START EXTRACTED RECORDS

lemma integral_bit_given_x:
  assumes "x \<in> D"
  shows "(\<integral>q. bit f (x, q) \<partial>(pZ \<Otimes>\<^sub>M PT)) = f x / c"
proof -
  interpret pZ: prob_space pZ
    by (rule prob_space_pZ)
  interpret PT: prob_space PT
    by (rule prob_space_PT)
  interpret noise: pair_prob_space pZ PT ..
  have [measurable]: "(\<lambda>z. z) \<in> borel_measurable pZ"
    by (simp add: measurable_cong_sets[OF sets_pZ refl])
  have [measurable]: "(\<lambda>t. t) \<in> borel_measurable PT"
    by (simp add: measurable_cong_sets[OF sets_uniform_measure refl])
  define h where "h q = (if f x + fst q > snd q then 1 else -1 :: real)" for q
  have bit_h: "bit f (x, q) = h q" for q
    by (cases q) (simp add: bit_def h_def)
  have h_meas: "h \<in> borel_measurable (pZ \<Otimes>\<^sub>M PT)"
    unfolding h_def by measurable
  have h_int: "integrable (pZ \<Otimes>\<^sub>M PT) h"
    by (rule noise.integrable_const_bound[where B=1, OF _ h_meas]) (simp add: h_def)
  have z_int: "integrable pZ (\<lambda>z. z)"
    by (rule pZ.integrable_const_bound[where B=b]) (use pZ_bounded in \<open>auto elim!: AE_mp\<close>)
  have "(\<integral>q. h q \<partial>(pZ \<Otimes>\<^sub>M PT)) = (\<integral>z. (\<integral>t. h (z, t) \<partial>PT) \<partial>pZ)"
    by (rule noise.integral_fst'[OF h_int, symmetric])
  also have "\<dots> = (\<integral>z. (f x + z) / c \<partial>pZ)"
  proof (rule integral_cong_AE)
    show "(\<lambda>z. \<integral>t. h (z, t) \<partial>PT) \<in> borel_measurable pZ"
      using noise.integrable_fst'[OF h_int] by simp
    show "AE z in pZ. (\<integral>t. h (z, t) \<partial>PT) = (f x + z) / c"
      using pZ_bounded
    proof (rule AE_mp, intro AE_I2 impI)
      fix z :: real
      assume "z \<in> {-b..b}"
      \<comment> \<open>this is why the dither range is \<open>c = a + b\<close>\<close>
      then have "-c \<le> f x + z" "f x + z \<le> c"
        using f_bounded assms c_eq by (auto simp: abs_le_iff)
      then show "(\<integral>t. h (z, t) \<partial>PT) = (f x + z) / c"
        using uniform_dither_sign_integral[OF c_pos] by (simp add: h_def)
    qed
  qed simp
  also have "\<dots> = f x / c"
    using z_int pZ_mean pZ.prob_space by simp
  finally show ?thesis
    by (simp add: bit_h)
qed

lemma measurable_coef_summand:
  assumes "\<psi> \<in> borel_measurable (LD D)"
  shows "coef_summand c \<psi> pX f \<in> borel_measurable PS"
proof -
  have [measurable]: "(\<lambda>s. \<psi> (fst s)) \<in> borel_measurable PS" "(\<lambda>s. pX (fst s)) \<in> borel_measurable PS"
    using assms pX_measurable by (simp_all add: measurable_fst_sample)
  have [measurable]: "bit f \<in> borel_measurable PS"
    by (rule measurable_bit)
  show ?thesis
    unfolding coef_summand_def[abs_def] by measurable
qed

lemma nn_integral_coef_summand_sq:
  assumes "\<psi> \<in> borel_measurable (LD D)"
  shows "(\<integral>\<^sup>+s. ennreal ((cmod (coef_summand c \<psi> pX f s))\<^sup>2) \<partial>PS)
      = ennreal (c\<^sup>2) * (\<integral>\<^sup>+x. ennreal ((cmod (\<psi> x))\<^sup>2 / pX x) \<partial>LD D)"
proof -
  define g where "g x = c\<^sup>2 * (cmod (\<psi> x))\<^sup>2 / (pX x)\<^sup>2" for x
  have "g \<in> borel_measurable (LD D)"
    unfolding g_def using assms pX_measurable by measurable
  have "(\<integral>\<^sup>+s. ennreal ((cmod (coef_summand c \<psi> pX f s))\<^sup>2) \<partial>PS) = (\<integral>\<^sup>+s. ennreal (g (fst s)) \<partial>PS)"
    using c_pos by (simp add: coef_summand_def g_def norm_mult norm_divide power_divide power_mult_distrib)
  also have "\<dots> = (\<integral>\<^sup>+x. ennreal (pX x) * ennreal (g x) \<partial>LD D)"
    by (rule nn_integral_sample_fst) fact
  also have "\<dots> = (\<integral>\<^sup>+x. ennreal (c\<^sup>2) * ennreal ((cmod (\<psi> x))\<^sup>2 / pX x) \<partial>LD D)"
  proof (rule nn_integral_cong)
    fix x
    assume "x \<in> space (LD D)"
    then have "pX x > 0"
      using pX_pos by simp
    then show "ennreal (pX x) * ennreal (g x) = ennreal (c\<^sup>2) * ennreal ((cmod (\<psi> x))\<^sup>2 / pX x)"
      by (simp add: g_def ennreal_mult'[symmetric] power2_eq_square)
  qed
  also have "\<dots> = ennreal (c\<^sup>2) * (\<integral>\<^sup>+x. ennreal ((cmod (\<psi> x))\<^sup>2 / pX x) \<partial>LD D)"
    using assms pX_measurable by (intro nn_integral_cmult) measurable
  finally show ?thesis .
qed

lemma integral_coef_summand:
  assumes \<psi>: "\<psi> \<in> borel_measurable (LD D)" and int: "integrable PS (coef_summand c \<psi> pX f)"
  shows "(\<integral>s. coef_summand c \<psi> pX f s \<partial>PS) = L2_inner D (\<lambda>x. of_real (f x)) \<psi>"
proof -
  interpret noise: prob_space "pZ \<Otimes>\<^sub>M PT"
    by (rule prob_space_noise)
  interpret PX: prob_space PX
    by (rule prob_space_pX)
  interpret pair: pair_prob_space PX "pZ \<Otimes>\<^sub>M PT" ..
  have "(\<integral>s. coef_summand c \<psi> pX f s \<partial>PS) = (\<integral>x. (\<integral>q. coef_summand c \<psi> pX f (x, q) \<partial>(pZ \<Otimes>\<^sub>M PT)) \<partial>PX)"
    using int unfolding sample_measure_def by (rule pair.integral_fst'[symmetric])
  also have "\<dots> = (\<integral>x. cnj (\<psi> x) * of_real (f x) / of_real (pX x) \<partial>PX)"
  proof (rule Bochner_Integration.integral_cong[OF refl])
    fix x
    assume "x \<in> space PX"
    then have x: "x \<in> D"
      by simp
    have "(\<lambda>q. bit f (x, q)) \<in> borel_measurable (pZ \<Otimes>\<^sub>M PT)"
      using measurable_compose[OF measurable_Pair1' measurable_bit[unfolded sample_measure_def]] x
      by (simp add: comp_def)
    then have "integrable (pZ \<Otimes>\<^sub>M PT) (\<lambda>q. bit f (x, q))"
      by (intro noise.integrable_const_bound[where B=1]) simp_all
    then have "(\<integral>q. coef_summand c \<psi> pX f (x, q) \<partial>(pZ \<Otimes>\<^sub>M PT))
        = of_real c * cnj (\<psi> x) / of_real (pX x) * of_real (\<integral>q. bit f (x, q) \<partial>(pZ \<Otimes>\<^sub>M PT))"
      by (simp add: coef_summand_def integral_bounded_linear[OF bounded_linear_of_real])
    then show "(\<integral>q. coef_summand c \<psi> pX f (x, q) \<partial>(pZ \<Otimes>\<^sub>M PT)) = cnj (\<psi> x) * of_real (f x) / of_real (pX x)"
      using c_pos by (simp add: integral_bit_given_x[OF x])
  qed
  also have "\<dots> = (\<integral>x. pX x *\<^sub>R (cnj (\<psi> x) * of_real (f x) / of_real (pX x)) \<partial>LD D)"
    using \<psi> f_measurable pX_measurable pX_pos by (intro integral_density) (auto intro!: AE_I2 less_imp_le)
  also have "\<dots> = L2_inner D (\<lambda>x. of_real (f x)) \<psi>"
    unfolding L2_inner_def
    by (rule Bochner_Integration.integral_cong) (use pX_pos in \<open>auto simp: scaleR_conv_of_real\<close>)
  finally show ?thesis .
qed

lemma coef_hat_mean_sq_error_le:
  assumes \<phi>: "\<phi> j \<in> borel_measurable (LD D)" and n: "n \<ge> 1"
  shows "(\<integral>\<^sup>+\<omega>. ennreal ((cmod (coef D \<phi> f j - coef_hat c n \<phi> pX f \<omega> j))\<^sup>2) \<partial>data_measure D pX pZ c n)
      \<le> ennreal (c\<^sup>2 / n) * (\<integral>\<^sup>+x. ennreal ((cmod (\<phi> j x))\<^sup>2 / pX x) \<partial>LD D)"
proof (cases "(\<integral>\<^sup>+x. ennreal ((cmod (\<phi> j x))\<^sup>2 / pX x) \<partial>LD D) = \<infinity>")
  case True
  then show ?thesis
    using c_pos n by (simp add: ennreal_mult_top)
next
  case False
  interpret PS: prob_space PS
    by (rule prob_space_sample)
  define w where "w = coef_summand c (\<phi> j) pX f"
  have w: "w \<in> borel_measurable PS"
    unfolding w_def by (rule measurable_coef_summand[OF \<phi>])
  have w2_nn: "(\<integral>\<^sup>+s. ennreal ((cmod (w s))\<^sup>2) \<partial>PS) = ennreal (c\<^sup>2) * (\<integral>\<^sup>+x. ennreal ((cmod (\<phi> j x))\<^sup>2 / pX x) \<partial>LD D)"
    unfolding w_def by (rule nn_integral_coef_summand_sq[OF \<phi>])
  have w2: "integrable PS (\<lambda>s. (cmod (w s))\<^sup>2)"
    using w False by (intro integrableI_bounded) (simp_all add: w2_nn ennreal_mult_less_top less_top)
  have mean: "PS.expectation w = coef D \<phi> f j"
    unfolding coef_def w_def
    by (rule integral_coef_summand[OF \<phi> PS.square_norm_integrable_imp_integrable[OF w w2, unfolded w_def]])
  have "(\<integral>\<^sup>+\<omega>. ennreal ((cmod (coef D \<phi> f j - coef_hat c n \<phi> pX f \<omega> j))\<^sup>2) \<partial>data_measure D pX pZ c n)
      = (\<integral>\<^sup>+\<omega>. ennreal ((cmod (PS.expectation w - (\<Sum>i<n. w (\<omega> i)) / of_nat n))\<^sup>2) \<partial>PiM {..<n} (\<lambda>_. PS))"
    unfolding data_measure_def coef_hat_eq_mean mean[symmetric] w_def ..
  also have "\<dots> \<le> ennreal (PS.expectation (\<lambda>s. (cmod (w s))\<^sup>2) / n)"
    by (rule PS.iid_sample_mean_sq_error_le[OF w w2 n])
  also have "\<dots> = ennreal (1 / n) * (\<integral>\<^sup>+s. ennreal ((cmod (w s))\<^sup>2) \<partial>PS)"
    using w2 by (simp add: nn_integral_eq_integral ennreal_mult[symmetric])
  also have "\<dots> = ennreal (c\<^sup>2 / n) * (\<integral>\<^sup>+x. ennreal ((cmod (\<phi> j x))\<^sup>2 / pX x) \<partial>LD D)"
    unfolding w2_nn by (simp add: ennreal_mult[symmetric] mult.assoc[symmetric])
  finally show ?thesis .
qed

lemma sq_int_f: "compact D \<Longrightarrow> sq_int D (\<lambda>x. of_real (f x))"
  using f_measurable f_bounded by (intro sq_int_bounded[where a=a]) simp_all

lemma expected_L2_error_f_hat_le:
  assumes ob: "orthonormal_basis_L2 D \<phi>" and "compact D" and n: "n \<ge> 1"
  shows "(\<integral>\<^sup>+\<omega>. (\<integral>\<^sup>+x. ennreal ((cmod (of_real (f x) - f_hat c n m \<phi> pX f \<omega> x))\<^sup>2) \<partial>LD D)
             \<partial>data_measure D pX pZ c n)
         \<le> ennreal (c\<^sup>2 / n) * (\<Sum>j<m. \<integral>\<^sup>+x. ennreal ((cmod (\<phi> j x))\<^sup>2 / pX x) \<partial>LD D)
           + ennreal (approx_err D \<phi> f m)"
proof -
  interpret data: prob_space "data_measure D pX pZ c n"
    by (rule prob_space_data_measure)
  have f: "sq_int D (\<lambda>x. of_real (f x))"
    using \<open>compact D\<close> by (rule sq_int_f)
  have \<phi>: "\<phi> j \<in> borel_measurable (LD D)" for j
    using orthonormal_basis_L2_sq_int[OF ob] by (simp add: sq_int_def)
  have [measurable]: "coef_summand c (\<phi> j) pX f \<in> borel_measurable PS" for j
    by (rule measurable_coef_summand[OF \<phi>])
  have [measurable]: "(\<lambda>\<omega>. coef_hat c n \<phi> pX f \<omega> j) \<in> borel_measurable (data_measure D pX pZ c n)" for j
    unfolding data_measure_def coef_hat_eq_mean by measurable
  have "(\<integral>\<^sup>+\<omega>. (\<integral>\<^sup>+x. ennreal ((cmod (of_real (f x) - f_hat c n m \<phi> pX f \<omega> x))\<^sup>2) \<partial>LD D)
             \<partial>data_measure D pX pZ c n)
      = (\<integral>\<^sup>+\<omega>. ennreal (approx_err D \<phi> f m)
           + (\<Sum>j<m. ennreal ((cmod (coef D \<phi> f j - coef_hat c n \<phi> pX f \<omega> j))\<^sup>2)) \<partial>data_measure D pX pZ c n)"
    by (simp add: f_hat_def nn_integral_L2_dist_sq_coef_sum[OF ob f])
  also have "\<dots> = ennreal (approx_err D \<phi> f m)
      + (\<Sum>j<m. \<integral>\<^sup>+\<omega>. ennreal ((cmod (coef D \<phi> f j - coef_hat c n \<phi> pX f \<omega> j))\<^sup>2) \<partial>data_measure D pX pZ c n)"
    by (simp add: nn_integral_add nn_integral_sum data.emeasure_space_1 del: sum_ennreal)
  also have "\<dots> \<le> ennreal (approx_err D \<phi> f m)
      + (\<Sum>j<m. ennreal (c\<^sup>2 / n) * (\<integral>\<^sup>+x. ennreal ((cmod (\<phi> j x))\<^sup>2 / pX x) \<partial>LD D))"
    by (intro add_left_mono sum_mono coef_hat_mean_sq_error_le[OF \<phi> n])
  finally show ?thesis
    by (simp add: sum_distrib_left add.commute)
qed

end

theorem theorem1:
  fixes D :: "'a::euclidean_space set"
    and a b c :: real
    and \<phi> :: "nat \<Rightarrow> 'a \<Rightarrow> complex"
    and f pX :: "'a \<Rightarrow> real"
    and pZ :: "real measure"
    and n m :: nat
  assumes "compact D"
    and "0 < a" and "0 < b" and "c = a + b"
    and "orthonormal_basis_L2 D \<phi>"
    and "f \<in> borel_measurable (LD D)" and "\<forall>x\<in>D. \<bar>f x\<bar> \<le> a"
    and "pX \<in> borel_measurable (LD D)" and "\<forall>x\<in>D. pX x > 0"
    and "prob_space (density (LD D) (\<lambda>x. ennreal (pX x)))"
    and "prob_space pZ" and "sets pZ = sets borel"
    and "AE z in pZ. z \<in> {-b..b}" and "(\<integral>z. z \<partial>pZ) = 0"
    and "n \<ge> 1" and "m \<ge> 1"
  shows "((\<integral>\<^sup>+ \<omega>. (\<integral>\<^sup>+ x. ennreal ((cmod (complex_of_real (f x) - f_hat c n m \<phi> pX f \<omega> x))\<^sup>2) \<partial>LD D)
             \<partial>data_measure D pX pZ c n)
         \<le> ennreal (c\<^sup>2 / real n) *
             (\<Sum>j<m. \<integral>\<^sup>+ x. ennreal ((cmod (\<phi> j x))\<^sup>2 / pX x) \<partial>LD D)
           + ennreal (approx_err D \<phi> f m))
     \<and> (\<forall>k. approx_err D \<phi> f k \<ge> 0)
     \<and> antimono (approx_err D \<phi> f)
     \<and> approx_err D \<phi> f \<longlonglongrightarrow> 0"
proof -
  interpret one_bit_sampling D a b c f pX pZ
    unfolding one_bit_sampling_def using assms by blast
  have f: "sq_int D (\<lambda>x. of_real (f x))"
    using assms(1) by (rule sq_int_f)
  show ?thesis
    using expected_L2_error_f_hat_le[OF assms(5,1,15)] approx_err_nonneg[OF assms(5) f]
      antimono_approx_err[OF assms(5) f] approx_err_tendsto_0[OF assms(5) f]
    by blast
qed
(* Let $N\ge1$, $w\ge1$, fix a round $t$, and let $\rho>1$. For each client $n\in\{1,\dots,N\}$ let $\Delta\theta_n^t$ be a random vector in $\mathbb{R}^w$ (its randomness coming from the local dataset) with $\mathbb{E}\|\Delta\theta_n^t\|^\rho<\infty$, let $q_n^t\in(0,1]$ and $c_n^t>0$ be deterministic, and set $q^t=\frac1N\sum_{n=1}^N q_n^t$. Let $b_n^t\sim\mathrm{Bernoulli}(q_n^t)$ and let $z_n^t,\tilde z_n^t$ be zero-mean Gaussian vectors in $\mathbb{R}^w$, all independent of the $\Delta\theta_n^t$. Define $\mathrm{clip}(x,c)=x\min(1,c/\|x\|)$, the aggregate update $\Delta\theta^t=\frac1N\sum_{n=1}^N\Delta\theta_n^t$, the perturbed aggregate $$\tilde\Delta\theta^t=\frac1N\sum_{n=1}^N\frac{1}{q^t}\Big(b_n^t\big(\mathrm{clip}(\Delta\theta_n^t,c_n^t)+z_n^t\big)+(1-b_n^t)\tilde z_n^t\Big),$$ and $\mathrm{Error}_t=\Delta\theta^t-\tilde\Delta\theta^t$. Then, with expectation taken over the local-data randomness, the client sampling and the Gaussian noise, $$\big\|\mathbb{E}[\mathrm{Error}_t]\big\|\le\frac1N\Big\|\sum_{n=1}^N\Big(1-\frac{q_n^t}{q^t}\Big)\mathbb{E}[\Delta\theta_n^t]\Big\|+\frac1N\sum_{n=1}^N\frac{q_n^t}{q^t}\,\frac{\mathbb{E}\|\Delta\theta_n^t\|^\rho}{(c_n^t)^{\rho-1}}.$$
   Context: Setting: one round of differentially private federated averaging in which client $n$ participates (is sampled) with probability $q_n^t$, clips its local model update to norm $c_n^t$, and adds Gaussian noise; non-sampled clients contribute pure noise; $q^t$ is the average sampling rate. $\|\cdot\|$ is the Euclidean norm. *)

theory Defs
  imports "HOL-Probability.Probability"
begin

text \<open>Clipping: clip(x,c) = x * min(1, c/norm x). (At x = 0 this yields 0.)\<close>
definition clip :: "'v::real_normed_vector \<Rightarrow> real \<Rightarrow> 'v" where
  "clip x c = min 1 (c / norm x) *\<^sub>R x"

definition zero_mean_gaussian :: "'a measure \<Rightarrow> ('a \<Rightarrow> 'v::euclidean_space) \<Rightarrow> bool" where
  "zero_mean_gaussian M X \<longleftrightarrow> X \<in> borel_measurable M \<and>
     (\<forall>u. (AE x in M. u \<bullet> X x = 0) \<or>
          (\<exists>\<sigma>>0. distributed M lborel (\<lambda>x. u \<bullet> X x) (\<lambda>y. ennreal (normal_density 0 \<sigma> y))))"

text \<open>Index type for the independent family: the (joint) local-data randomness,
  the sampling indicators b_n, the noises z_n and the noises z~_n.\<close>
datatype ridx = DataIdx | SampIdx nat | NoiseIdx nat | AltNoiseIdx nat

definition fl_events ::
  "'a measure \<Rightarrow> nat \<Rightarrow> (nat \<Rightarrow> 'a \<Rightarrow> 'v::euclidean_space) \<Rightarrow> (nat \<Rightarrow> 'a \<Rightarrow> bool)
     \<Rightarrow> (nat \<Rightarrow> 'a \<Rightarrow> 'v) \<Rightarrow> (nat \<Rightarrow> 'a \<Rightarrow> 'v) \<Rightarrow> ridx \<Rightarrow> 'a set set" where
  "fl_events M N D b z zt i = (case i of
      DataIdx \<Rightarrow> sigma_sets (space M)
                   (\<Union>n\<in>{1..N}. {D n -` A \<inter> space M | A. A \<in> sets (borel :: 'v measure)})
    | SampIdx n \<Rightarrow> {b n -` A \<inter> space M | A. A \<in> sets (count_space (UNIV :: bool set))}
    | NoiseIdx n \<Rightarrow> {z n -` A \<inter> space M | A. A \<in> sets (borel :: 'v measure)}
    | AltNoiseIdx n \<Rightarrow> {zt n -` A \<inter> space M | A. A \<in> sets (borel :: 'v measure)})"

definition fl_index :: "nat \<Rightarrow> ridx set" where
  "fl_index N = {DataIdx} \<union> SampIdx ` {1..N} \<union> NoiseIdx ` {1..N} \<union> AltNoiseIdx ` {1..N}"

end

(* Since b_n is independent of the local update and of
   the noises, and the noises are centred, client n contributes (q_n / q) E clip(D_n, c_n) to the
   expected perturbed aggregate. Hence
     E Error = 1/N sum_n (1 - q_n / q) E D_n + 1/N sum_n (q_n / q) (E D_n - E clip(D_n, c_n)),
   and the clipping bias is bounded pointwise by
     norm (x - clip(x, c)) = max 0 (norm x - c) <= norm x (norm x / c)^(rho - 1). *)

theory Submission
  imports Defs
begin

lemma norm_clip_le:
  fixes x :: "'v::real_normed_vector"
  assumes "c \<ge> 0"
  shows "norm (clip x c) \<le> norm x"
proof -
  have "0 \<le> c / norm x"
    using assms by simp
  then have "\<bar>min 1 (c / norm x)\<bar> \<le> 1"
    by (auto simp: abs_if min_def)
  then show ?thesis
    by (simp add: clip_def mult_left_le_one_le)
qed

lemma norm_diff_clip_le_powr:
  fixes x :: "'v::real_normed_vector"
  assumes "c > 0" and "\<rho> \<ge> 1"
  shows "norm (x - clip x c) \<le> norm x powr \<rho> / c powr (\<rho> - 1)"
proof (cases "norm x \<le> c")
  case True
  then have "clip x c = x"
    by (cases "x = 0") (simp_all add: clip_def field_simps)
  then show ?thesis by simp
next
  case False
  define a where "a = norm x"
  have "a > c" "a > 0" using False assms(1) by (auto simp: a_def)
  have "clip x c = (c / a) *\<^sub>R x"
    using \<open>a > c\<close> \<open>a > 0\<close> by (simp add: clip_def a_def)
  then have "norm (x - clip x c) = norm ((1 - c / a) *\<^sub>R x)"
    by (simp add: algebra_simps)
  also have "\<dots> \<le> a"
    using \<open>a > c\<close> \<open>a > 0\<close> assms(1) by (simp add: a_def field_simps)
  also have "\<dots> \<le> a * (a / c) powr (\<rho> - 1)"
  proof -
    have "1 \<le> (a / c) powr (\<rho> - 1)"
      using \<open>a > c\<close> assms by (intro ge_one_powr_ge_zero) auto
    then show ?thesis using \<open>a > 0\<close> by simp
  qed
  also have "\<dots> = a powr \<rho> / c powr (\<rho> - 1)"
    using \<open>a > 0\<close> assms(1) by (simp add: powr_divide powr_diff powr_add field_simps)
  finally show ?thesis by (simp add: a_def)
qed

lemma integrable_clip:
  fixes f :: "'a \<Rightarrow> 'b::{banach, second_countable_topology}"
  assumes "integrable M f" and "c \<ge> 0"
  shows "integrable M (\<lambda>x. clip (f x) c)"
proof (rule Bochner_Integration.integrable_bound[OF assms(1)])
  show "(\<lambda>x. clip (f x) c) \<in> borel_measurable M"
    using borel_measurable_integrable[OF assms(1)] unfolding clip_def by measurable
  show "AE x in M. norm (clip (f x) c) \<le> norm (f x)"
    by (intro AE_I2 norm_clip_le assms(2))
qed

lemma (in finite_measure) integrable_of_integrable_norm_powr:
  fixes f :: "'a \<Rightarrow> 'b::{banach, second_countable_topology}"
  assumes "f \<in> borel_measurable M" and "integrable M (\<lambda>x. norm (f x) powr \<rho>)" and "\<rho> \<ge> 1"
  shows "integrable M f"
proof (rule Bochner_Integration.integrable_bound[where f="\<lambda>x. 1 + norm (f x) powr \<rho>"])
  have "a \<le> 1 + a powr \<rho>" if "a \<ge> 0" for a :: real
  proof (cases "a \<le> 1")
    case False
    then have "a powr 1 \<le> a powr \<rho>" using assms(3) by (intro powr_mono) auto
    then show ?thesis using that by simp
  qed (simp add: add_increasing2)
  then show "AE x in M. norm (f x) \<le> norm (1 + norm (f x) powr \<rho>)"
    by (intro AE_I2) simp
qed (use assms in auto)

END EXTRACTED RECORDS

ASSIGNMENT ▸ Each line from the first line of the listing through the line with "z) \<in> borel_measurable" must be output exactly, both ends included, and no other line may appear.

TASK RESULT ▸
lemma integral_bit_given_x:
  assumes "x \<in> D"
  shows "(\<integral>q. bit f (x, q) \<partial>(pZ \<Otimes>\<^sub>M PT)) = f x / c"
proof -
  interpret pZ: prob_space pZ
    by (rule prob_space_pZ)
  interpret PT: prob_space PT
    by (rule prob_space_PT)
  interpret noise: pair_prob_space pZ PT ..
  have [measurable]: "(\<lambda>z. z) \<in> borel_measurable pZ"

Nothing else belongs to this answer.